SOURCE MATERIAL START
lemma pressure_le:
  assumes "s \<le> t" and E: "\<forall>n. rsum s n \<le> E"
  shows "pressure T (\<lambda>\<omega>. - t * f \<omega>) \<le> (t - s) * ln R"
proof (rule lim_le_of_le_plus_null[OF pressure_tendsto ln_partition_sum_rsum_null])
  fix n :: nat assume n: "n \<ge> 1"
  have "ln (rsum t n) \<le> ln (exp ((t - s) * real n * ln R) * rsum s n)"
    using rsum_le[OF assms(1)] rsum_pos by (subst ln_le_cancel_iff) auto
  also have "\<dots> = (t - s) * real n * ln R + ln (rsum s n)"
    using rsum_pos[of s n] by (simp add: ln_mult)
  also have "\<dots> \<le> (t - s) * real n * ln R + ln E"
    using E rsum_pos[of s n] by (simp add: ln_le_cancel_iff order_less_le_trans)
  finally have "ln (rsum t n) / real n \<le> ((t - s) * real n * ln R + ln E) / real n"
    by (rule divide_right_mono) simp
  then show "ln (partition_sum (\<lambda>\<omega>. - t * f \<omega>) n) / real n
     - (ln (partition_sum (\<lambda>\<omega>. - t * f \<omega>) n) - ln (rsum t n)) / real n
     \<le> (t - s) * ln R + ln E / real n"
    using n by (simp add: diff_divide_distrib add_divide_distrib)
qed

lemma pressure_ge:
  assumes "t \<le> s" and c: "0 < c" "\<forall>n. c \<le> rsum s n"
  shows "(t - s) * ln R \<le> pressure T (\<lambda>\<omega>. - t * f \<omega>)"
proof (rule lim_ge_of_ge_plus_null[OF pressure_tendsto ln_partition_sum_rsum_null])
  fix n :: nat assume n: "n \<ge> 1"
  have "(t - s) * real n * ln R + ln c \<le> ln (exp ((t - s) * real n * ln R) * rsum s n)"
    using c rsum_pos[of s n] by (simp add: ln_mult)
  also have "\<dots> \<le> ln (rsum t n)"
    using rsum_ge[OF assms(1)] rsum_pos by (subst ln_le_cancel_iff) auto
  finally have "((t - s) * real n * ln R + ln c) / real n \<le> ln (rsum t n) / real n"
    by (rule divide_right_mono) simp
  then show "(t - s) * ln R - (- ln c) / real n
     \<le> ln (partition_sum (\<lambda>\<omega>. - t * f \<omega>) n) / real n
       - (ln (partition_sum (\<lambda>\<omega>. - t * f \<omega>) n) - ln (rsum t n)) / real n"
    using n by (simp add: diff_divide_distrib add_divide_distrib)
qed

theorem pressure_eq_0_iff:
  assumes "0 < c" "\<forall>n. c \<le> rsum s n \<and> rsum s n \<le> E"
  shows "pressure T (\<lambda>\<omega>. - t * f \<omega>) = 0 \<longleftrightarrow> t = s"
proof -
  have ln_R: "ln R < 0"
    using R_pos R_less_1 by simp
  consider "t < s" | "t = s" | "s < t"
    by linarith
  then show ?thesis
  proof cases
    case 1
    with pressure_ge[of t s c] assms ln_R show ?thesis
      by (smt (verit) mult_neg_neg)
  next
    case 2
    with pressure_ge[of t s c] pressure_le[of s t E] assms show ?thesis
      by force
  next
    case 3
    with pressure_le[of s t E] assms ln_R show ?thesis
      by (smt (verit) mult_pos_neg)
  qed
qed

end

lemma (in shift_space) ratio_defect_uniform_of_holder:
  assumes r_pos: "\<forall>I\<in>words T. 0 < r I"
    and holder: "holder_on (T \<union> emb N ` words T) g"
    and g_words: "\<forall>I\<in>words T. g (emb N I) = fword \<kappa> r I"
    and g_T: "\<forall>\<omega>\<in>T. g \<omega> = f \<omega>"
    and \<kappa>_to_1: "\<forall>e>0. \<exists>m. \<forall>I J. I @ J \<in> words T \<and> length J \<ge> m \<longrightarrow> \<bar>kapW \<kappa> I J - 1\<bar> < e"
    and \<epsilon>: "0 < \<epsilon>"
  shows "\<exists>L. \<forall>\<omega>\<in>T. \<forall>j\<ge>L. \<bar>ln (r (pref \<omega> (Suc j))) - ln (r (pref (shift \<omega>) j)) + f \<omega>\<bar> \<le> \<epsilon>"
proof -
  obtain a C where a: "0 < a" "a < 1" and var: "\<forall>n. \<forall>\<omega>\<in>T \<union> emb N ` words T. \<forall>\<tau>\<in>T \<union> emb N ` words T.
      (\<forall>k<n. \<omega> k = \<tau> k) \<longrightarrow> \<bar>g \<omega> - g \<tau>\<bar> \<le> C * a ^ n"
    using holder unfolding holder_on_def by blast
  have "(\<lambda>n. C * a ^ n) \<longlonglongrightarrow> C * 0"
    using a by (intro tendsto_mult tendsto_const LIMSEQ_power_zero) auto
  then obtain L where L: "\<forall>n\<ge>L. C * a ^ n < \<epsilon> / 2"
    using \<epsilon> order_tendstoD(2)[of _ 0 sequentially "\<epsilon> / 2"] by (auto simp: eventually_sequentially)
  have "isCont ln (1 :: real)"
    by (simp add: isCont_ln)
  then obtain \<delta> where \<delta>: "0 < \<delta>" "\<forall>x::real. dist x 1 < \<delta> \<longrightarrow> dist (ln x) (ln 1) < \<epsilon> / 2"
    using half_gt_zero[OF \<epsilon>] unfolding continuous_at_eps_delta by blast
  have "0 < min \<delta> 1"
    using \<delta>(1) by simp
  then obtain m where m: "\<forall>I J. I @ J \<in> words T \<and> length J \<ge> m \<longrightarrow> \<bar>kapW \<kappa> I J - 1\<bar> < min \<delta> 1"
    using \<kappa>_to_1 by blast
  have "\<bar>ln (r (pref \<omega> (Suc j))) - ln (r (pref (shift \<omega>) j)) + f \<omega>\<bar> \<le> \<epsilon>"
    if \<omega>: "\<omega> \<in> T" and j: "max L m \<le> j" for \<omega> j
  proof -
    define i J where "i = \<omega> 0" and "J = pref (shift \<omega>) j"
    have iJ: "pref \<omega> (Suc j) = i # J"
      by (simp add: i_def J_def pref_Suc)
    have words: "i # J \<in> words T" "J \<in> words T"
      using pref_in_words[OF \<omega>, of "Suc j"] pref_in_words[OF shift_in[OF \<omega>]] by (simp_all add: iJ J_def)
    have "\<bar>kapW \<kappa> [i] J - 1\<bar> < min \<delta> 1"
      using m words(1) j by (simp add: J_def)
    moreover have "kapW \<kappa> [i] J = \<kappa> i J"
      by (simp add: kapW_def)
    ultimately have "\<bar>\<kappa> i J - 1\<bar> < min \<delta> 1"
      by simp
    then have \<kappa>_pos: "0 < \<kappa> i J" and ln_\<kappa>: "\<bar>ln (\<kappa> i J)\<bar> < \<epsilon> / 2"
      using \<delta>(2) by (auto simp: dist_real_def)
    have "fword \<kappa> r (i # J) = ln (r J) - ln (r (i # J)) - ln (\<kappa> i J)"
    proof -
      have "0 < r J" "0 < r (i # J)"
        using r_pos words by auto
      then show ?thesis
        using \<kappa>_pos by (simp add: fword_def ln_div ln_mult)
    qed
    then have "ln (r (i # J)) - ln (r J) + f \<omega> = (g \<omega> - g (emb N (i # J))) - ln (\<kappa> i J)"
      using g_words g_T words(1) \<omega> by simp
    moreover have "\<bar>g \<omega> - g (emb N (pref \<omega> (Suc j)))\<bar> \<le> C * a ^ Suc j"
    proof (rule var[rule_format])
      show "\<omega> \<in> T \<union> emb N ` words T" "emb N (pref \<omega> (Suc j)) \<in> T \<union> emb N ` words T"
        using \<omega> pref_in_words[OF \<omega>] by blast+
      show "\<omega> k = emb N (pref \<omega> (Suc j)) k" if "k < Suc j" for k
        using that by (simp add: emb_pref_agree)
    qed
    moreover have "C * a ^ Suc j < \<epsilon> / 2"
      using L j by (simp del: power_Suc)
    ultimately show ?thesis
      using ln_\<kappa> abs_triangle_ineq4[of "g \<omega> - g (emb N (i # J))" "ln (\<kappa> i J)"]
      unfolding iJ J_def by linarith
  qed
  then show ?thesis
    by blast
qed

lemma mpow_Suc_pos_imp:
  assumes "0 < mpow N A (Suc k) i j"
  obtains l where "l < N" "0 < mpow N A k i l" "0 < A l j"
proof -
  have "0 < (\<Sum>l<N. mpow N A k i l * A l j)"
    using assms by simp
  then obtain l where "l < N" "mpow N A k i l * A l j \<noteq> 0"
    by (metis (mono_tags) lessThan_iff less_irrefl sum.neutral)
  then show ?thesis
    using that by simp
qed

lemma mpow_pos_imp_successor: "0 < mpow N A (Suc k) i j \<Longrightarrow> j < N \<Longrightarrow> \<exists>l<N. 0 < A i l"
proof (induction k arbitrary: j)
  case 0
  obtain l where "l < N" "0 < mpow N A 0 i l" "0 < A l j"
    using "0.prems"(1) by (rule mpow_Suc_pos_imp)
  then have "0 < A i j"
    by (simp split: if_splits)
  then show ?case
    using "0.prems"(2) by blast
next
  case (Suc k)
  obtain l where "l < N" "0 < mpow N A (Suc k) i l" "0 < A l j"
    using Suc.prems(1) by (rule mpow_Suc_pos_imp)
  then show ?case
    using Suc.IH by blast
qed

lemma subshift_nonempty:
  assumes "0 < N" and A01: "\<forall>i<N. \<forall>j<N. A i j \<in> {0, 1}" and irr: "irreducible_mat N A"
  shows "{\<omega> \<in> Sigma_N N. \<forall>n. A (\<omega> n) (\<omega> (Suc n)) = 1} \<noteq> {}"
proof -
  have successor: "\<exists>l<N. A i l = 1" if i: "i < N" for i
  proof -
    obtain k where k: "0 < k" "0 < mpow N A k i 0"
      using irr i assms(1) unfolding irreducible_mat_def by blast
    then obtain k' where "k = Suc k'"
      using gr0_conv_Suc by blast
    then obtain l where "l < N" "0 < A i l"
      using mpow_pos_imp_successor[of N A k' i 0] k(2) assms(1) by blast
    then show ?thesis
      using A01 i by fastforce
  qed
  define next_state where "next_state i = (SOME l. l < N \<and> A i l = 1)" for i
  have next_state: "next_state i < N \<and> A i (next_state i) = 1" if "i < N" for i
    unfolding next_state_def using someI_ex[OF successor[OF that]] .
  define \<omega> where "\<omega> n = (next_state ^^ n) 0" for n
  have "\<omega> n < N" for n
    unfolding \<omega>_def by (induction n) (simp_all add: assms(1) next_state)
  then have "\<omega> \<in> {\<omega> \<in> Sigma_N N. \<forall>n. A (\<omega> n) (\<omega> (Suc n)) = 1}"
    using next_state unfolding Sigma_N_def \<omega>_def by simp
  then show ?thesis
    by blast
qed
SOURCE MATERIAL END
TASK INSTRUCTIONS. Without changing anything, quote the lines from the top of the data to the line that contains "using E rsum_pos[of", including that line.

COMPLETED TASK.
lemma pressure_le:
  assumes "s \<le> t" and E: "\<forall>n. rsum s n \<le> E"
  shows "pressure T (\<lambda>\<omega>. - t * f \<omega>) \<le> (t - s) * ln R"
proof (rule lim_le_of_le_plus_null[OF pressure_tendsto ln_partition_sum_rsum_null])
  fix n :: nat assume n: "n \<ge> 1"
  have "ln (rsum t n) \<le> ln (exp ((t - s) * real n * ln R) * rsum s n)"
    using rsum_le[OF assms(1)] rsum_pos by (subst ln_le_cancel_iff) auto
  also have "\<dots> = (t - s) * real n * ln R + ln (rsum s n)"
    using rsum_pos[of s n] by (simp add: ln_mult)
  also have "\<dots> \<le> (t - s) * real n * ln R + ln E"
    using E rsum_pos[of s n] by (simp add: ln_le_cancel_iff order_less_le_trans)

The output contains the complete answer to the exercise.